▶ [What the task requires] Find the lines below that include the word "covariogram" and state how many there are, adding nothing.

[[ Data to examine, beginning ]]

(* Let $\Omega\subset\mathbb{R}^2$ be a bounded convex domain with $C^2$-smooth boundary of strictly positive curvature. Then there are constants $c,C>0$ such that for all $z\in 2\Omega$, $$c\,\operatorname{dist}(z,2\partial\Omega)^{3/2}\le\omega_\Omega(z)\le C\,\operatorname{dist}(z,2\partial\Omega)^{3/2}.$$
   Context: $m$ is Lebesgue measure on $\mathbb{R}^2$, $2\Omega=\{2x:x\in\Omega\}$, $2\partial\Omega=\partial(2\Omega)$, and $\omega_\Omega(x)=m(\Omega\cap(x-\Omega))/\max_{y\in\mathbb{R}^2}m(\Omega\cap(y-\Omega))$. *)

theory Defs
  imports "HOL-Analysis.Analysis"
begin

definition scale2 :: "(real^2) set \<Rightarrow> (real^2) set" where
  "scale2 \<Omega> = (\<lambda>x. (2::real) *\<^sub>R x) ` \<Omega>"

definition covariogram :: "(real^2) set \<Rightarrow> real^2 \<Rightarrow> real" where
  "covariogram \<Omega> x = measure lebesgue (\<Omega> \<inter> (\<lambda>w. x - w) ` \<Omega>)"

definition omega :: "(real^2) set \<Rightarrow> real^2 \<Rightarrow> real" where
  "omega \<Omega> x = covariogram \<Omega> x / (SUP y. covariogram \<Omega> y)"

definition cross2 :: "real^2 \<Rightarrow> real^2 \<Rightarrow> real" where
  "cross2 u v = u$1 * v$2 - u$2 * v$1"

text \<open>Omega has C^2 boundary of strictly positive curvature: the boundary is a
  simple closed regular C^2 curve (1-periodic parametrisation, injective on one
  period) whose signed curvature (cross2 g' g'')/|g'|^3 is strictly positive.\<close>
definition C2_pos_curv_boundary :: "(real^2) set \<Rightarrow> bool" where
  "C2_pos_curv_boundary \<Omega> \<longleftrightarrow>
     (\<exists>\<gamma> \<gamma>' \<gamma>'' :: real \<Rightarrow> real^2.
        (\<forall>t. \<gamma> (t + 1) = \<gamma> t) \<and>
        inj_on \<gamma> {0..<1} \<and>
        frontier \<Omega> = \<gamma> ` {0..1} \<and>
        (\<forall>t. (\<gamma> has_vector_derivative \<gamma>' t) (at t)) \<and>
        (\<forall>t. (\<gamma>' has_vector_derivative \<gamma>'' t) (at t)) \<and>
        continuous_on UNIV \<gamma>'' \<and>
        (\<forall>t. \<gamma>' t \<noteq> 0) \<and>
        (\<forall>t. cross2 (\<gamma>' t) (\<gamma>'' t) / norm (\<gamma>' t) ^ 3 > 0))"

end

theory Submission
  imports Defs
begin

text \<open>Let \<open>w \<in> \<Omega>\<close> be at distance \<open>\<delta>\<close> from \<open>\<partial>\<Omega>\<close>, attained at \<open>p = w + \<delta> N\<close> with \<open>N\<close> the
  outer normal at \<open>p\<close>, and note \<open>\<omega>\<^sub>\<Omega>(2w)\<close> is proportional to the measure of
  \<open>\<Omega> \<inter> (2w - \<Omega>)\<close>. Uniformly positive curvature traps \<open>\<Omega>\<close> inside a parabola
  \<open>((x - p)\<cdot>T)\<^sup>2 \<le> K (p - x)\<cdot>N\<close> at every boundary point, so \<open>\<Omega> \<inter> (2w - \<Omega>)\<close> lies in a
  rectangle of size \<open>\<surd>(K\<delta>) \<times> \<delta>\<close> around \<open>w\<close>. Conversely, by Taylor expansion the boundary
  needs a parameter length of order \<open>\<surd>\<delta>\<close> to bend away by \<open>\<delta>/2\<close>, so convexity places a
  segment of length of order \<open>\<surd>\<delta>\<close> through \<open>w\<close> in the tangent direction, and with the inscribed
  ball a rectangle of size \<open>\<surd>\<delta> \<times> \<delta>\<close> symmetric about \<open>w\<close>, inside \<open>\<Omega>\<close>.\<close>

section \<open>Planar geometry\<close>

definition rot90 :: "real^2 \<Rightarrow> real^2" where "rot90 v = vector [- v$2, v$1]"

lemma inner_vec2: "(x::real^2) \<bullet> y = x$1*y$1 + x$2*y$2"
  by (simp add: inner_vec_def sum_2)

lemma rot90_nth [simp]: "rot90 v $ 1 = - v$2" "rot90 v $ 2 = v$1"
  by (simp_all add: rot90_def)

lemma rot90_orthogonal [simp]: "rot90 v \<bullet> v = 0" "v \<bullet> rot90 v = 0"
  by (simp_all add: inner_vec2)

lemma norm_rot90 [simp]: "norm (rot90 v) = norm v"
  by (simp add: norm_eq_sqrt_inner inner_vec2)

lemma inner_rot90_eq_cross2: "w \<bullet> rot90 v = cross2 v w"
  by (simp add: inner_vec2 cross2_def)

[[ Data to examine, end ]]

▶ [Finished task] 3